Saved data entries
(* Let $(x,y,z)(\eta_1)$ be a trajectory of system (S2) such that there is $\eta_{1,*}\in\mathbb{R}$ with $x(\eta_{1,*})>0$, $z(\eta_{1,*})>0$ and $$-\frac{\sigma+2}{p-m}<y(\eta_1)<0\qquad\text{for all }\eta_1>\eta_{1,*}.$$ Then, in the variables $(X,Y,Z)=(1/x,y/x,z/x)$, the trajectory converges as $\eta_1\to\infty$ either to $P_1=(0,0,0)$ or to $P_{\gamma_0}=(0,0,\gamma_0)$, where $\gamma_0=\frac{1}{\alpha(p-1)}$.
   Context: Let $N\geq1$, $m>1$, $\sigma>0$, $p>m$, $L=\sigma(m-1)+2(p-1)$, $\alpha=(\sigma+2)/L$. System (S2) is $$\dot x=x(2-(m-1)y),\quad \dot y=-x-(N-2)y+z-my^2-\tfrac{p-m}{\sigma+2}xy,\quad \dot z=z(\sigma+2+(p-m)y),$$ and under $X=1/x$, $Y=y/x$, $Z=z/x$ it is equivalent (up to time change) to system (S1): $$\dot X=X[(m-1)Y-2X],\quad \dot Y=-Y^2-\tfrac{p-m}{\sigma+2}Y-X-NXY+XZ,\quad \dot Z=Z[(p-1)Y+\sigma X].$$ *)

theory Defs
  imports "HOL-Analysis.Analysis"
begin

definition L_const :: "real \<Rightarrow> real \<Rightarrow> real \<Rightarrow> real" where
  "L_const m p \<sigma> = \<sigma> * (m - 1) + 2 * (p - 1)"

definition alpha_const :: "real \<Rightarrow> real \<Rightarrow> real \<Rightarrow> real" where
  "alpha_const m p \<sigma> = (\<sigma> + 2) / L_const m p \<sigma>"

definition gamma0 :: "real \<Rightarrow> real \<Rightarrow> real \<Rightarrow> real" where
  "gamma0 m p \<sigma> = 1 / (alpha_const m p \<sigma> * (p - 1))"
* * *
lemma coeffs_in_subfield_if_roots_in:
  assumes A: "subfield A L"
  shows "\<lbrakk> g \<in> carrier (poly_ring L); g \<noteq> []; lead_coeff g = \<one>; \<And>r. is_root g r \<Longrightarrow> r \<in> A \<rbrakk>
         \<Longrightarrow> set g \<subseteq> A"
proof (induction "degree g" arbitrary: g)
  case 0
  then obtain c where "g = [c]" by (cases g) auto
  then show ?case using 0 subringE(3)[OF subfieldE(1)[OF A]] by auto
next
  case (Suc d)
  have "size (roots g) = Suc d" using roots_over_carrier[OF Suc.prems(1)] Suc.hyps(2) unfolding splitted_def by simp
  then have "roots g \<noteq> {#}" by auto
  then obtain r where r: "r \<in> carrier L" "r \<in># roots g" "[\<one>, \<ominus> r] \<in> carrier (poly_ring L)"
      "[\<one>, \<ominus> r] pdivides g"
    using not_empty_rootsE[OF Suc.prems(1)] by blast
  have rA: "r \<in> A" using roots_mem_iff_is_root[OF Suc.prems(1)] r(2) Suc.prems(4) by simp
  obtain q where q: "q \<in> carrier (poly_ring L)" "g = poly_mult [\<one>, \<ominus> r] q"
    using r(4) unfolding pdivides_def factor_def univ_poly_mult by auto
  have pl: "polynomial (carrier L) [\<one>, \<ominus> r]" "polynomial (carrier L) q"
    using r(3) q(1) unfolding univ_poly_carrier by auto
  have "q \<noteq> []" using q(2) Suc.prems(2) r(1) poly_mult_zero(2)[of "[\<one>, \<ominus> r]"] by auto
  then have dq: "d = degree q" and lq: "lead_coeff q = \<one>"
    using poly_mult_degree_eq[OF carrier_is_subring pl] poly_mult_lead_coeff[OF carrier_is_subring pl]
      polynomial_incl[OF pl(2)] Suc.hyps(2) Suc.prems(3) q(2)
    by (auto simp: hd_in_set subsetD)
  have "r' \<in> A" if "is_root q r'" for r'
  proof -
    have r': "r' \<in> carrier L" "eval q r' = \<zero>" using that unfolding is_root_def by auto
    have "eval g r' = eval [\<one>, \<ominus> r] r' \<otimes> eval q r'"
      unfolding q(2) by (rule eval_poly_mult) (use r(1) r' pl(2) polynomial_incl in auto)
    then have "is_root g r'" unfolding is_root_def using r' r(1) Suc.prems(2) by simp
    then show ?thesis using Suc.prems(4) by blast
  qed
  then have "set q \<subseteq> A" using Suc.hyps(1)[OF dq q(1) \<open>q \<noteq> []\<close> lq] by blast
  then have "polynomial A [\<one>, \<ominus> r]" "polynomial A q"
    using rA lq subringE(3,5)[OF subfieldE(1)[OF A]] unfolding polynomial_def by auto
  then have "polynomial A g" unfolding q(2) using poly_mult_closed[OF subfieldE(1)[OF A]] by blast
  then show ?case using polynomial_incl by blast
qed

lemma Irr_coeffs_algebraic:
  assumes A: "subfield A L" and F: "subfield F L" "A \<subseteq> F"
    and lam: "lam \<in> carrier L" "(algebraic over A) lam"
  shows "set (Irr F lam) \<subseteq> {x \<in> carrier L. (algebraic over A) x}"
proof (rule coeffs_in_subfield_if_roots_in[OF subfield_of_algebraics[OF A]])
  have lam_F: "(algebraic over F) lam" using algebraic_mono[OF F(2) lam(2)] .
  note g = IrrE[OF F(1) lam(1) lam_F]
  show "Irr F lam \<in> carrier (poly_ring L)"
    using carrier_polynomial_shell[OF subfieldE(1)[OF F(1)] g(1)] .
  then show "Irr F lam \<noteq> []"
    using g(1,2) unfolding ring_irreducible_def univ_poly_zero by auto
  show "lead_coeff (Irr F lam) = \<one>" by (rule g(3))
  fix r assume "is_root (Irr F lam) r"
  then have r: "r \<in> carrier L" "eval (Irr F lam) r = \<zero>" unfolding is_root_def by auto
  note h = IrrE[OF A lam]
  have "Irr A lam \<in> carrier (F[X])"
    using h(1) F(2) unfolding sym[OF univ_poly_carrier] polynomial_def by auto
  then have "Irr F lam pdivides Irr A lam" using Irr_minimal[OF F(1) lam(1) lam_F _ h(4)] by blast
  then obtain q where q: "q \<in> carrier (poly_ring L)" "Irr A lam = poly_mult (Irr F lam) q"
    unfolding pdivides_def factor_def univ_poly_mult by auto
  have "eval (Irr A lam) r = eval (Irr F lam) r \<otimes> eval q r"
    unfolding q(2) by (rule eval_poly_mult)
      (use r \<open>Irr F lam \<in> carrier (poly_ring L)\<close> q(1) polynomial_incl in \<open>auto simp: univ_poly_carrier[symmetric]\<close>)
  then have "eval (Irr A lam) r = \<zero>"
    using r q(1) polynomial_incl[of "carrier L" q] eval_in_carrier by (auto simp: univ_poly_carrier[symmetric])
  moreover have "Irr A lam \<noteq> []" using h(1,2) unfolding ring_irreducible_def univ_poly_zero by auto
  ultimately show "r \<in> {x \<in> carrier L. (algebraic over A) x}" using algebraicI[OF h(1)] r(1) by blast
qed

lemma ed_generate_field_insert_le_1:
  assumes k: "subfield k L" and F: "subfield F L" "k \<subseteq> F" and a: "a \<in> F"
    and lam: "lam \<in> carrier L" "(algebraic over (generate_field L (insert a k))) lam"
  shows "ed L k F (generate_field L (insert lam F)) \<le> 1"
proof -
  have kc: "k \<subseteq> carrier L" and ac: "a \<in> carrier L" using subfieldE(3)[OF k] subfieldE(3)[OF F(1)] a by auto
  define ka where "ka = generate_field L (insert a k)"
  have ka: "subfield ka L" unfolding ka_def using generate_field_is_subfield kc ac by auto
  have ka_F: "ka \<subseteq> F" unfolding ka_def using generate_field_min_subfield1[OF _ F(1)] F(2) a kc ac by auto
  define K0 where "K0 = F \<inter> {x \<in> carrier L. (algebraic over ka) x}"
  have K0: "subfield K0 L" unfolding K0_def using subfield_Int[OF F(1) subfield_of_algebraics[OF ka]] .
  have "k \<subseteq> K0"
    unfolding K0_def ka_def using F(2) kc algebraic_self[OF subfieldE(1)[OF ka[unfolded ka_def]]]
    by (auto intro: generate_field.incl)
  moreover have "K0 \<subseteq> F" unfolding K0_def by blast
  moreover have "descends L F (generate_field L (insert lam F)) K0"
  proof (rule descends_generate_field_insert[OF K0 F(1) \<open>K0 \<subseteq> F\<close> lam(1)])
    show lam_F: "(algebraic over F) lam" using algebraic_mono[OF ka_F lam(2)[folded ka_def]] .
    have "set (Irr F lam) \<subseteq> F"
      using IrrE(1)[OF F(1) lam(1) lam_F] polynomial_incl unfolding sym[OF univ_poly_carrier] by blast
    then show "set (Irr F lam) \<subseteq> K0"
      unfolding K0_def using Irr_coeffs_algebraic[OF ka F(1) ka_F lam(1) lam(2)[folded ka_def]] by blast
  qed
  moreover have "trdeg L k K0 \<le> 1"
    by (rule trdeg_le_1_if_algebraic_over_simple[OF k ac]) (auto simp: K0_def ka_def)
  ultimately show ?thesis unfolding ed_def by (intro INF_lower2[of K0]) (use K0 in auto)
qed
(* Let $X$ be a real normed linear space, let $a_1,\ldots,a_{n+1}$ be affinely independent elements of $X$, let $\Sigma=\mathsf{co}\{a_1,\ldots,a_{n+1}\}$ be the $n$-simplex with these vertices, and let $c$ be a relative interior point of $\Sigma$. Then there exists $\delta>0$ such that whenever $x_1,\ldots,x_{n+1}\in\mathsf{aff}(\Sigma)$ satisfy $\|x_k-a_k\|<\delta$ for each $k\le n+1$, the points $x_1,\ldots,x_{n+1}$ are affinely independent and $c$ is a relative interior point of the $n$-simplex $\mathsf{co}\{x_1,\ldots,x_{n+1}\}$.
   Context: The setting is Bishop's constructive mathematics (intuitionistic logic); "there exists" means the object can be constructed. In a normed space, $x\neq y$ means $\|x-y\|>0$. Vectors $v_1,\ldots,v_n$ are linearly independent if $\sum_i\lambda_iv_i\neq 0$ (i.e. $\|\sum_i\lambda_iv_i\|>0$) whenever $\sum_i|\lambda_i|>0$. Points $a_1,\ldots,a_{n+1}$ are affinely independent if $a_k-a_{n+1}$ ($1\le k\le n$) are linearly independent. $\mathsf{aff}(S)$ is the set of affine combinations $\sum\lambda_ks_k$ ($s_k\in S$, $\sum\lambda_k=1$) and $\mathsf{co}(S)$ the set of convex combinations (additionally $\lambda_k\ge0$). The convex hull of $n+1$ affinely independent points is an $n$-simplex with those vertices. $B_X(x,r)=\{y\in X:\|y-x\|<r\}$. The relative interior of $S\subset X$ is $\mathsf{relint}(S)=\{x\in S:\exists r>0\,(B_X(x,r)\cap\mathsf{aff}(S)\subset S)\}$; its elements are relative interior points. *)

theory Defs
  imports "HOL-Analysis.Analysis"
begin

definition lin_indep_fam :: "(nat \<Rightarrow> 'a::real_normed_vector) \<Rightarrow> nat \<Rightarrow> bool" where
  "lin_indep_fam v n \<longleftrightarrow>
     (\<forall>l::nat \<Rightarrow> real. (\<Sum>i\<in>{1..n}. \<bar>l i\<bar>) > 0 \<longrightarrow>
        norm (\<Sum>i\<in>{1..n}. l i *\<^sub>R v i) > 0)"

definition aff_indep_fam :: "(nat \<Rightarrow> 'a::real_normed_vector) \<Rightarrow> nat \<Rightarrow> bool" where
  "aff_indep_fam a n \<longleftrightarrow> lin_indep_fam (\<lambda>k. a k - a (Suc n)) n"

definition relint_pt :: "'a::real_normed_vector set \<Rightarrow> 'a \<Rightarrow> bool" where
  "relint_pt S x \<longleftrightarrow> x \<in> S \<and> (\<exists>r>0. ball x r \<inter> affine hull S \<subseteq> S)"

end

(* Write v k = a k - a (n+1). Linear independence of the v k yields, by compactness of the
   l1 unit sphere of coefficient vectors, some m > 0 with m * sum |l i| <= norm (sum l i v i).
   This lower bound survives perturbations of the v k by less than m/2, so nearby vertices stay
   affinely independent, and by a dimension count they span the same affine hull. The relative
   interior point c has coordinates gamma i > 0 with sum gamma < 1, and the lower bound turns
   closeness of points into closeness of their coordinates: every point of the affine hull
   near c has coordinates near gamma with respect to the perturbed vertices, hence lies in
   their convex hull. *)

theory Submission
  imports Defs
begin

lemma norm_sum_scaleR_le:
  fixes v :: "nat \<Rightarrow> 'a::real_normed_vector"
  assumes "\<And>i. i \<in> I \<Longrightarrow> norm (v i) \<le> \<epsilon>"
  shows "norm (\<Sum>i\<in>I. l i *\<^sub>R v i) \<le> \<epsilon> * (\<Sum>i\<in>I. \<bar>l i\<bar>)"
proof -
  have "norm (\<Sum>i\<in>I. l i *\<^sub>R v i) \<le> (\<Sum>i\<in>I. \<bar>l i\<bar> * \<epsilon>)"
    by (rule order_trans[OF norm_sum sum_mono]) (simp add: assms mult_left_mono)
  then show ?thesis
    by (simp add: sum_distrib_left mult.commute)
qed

_WHAT THE TASK ASKS:_
Word for word, restate the lines of the data above that fall between the line holding "using carrier_polynomial_shell[OF subfieldE(1)[OF" and the line holding "fix r assume", inclusive, and no other lines.

_OUTPUT OF THE TASK:_
    using carrier_polynomial_shell[OF subfieldE(1)[OF F(1)] g(1)] .
  then show "Irr F lam \<noteq> []"
    using g(1,2) unfolding ring_irreducible_def univ_poly_zero by auto
  show "lead_coeff (Irr F lam) = \<one>" by (rule g(3))
  fix r assume "is_root (Irr F lam) r"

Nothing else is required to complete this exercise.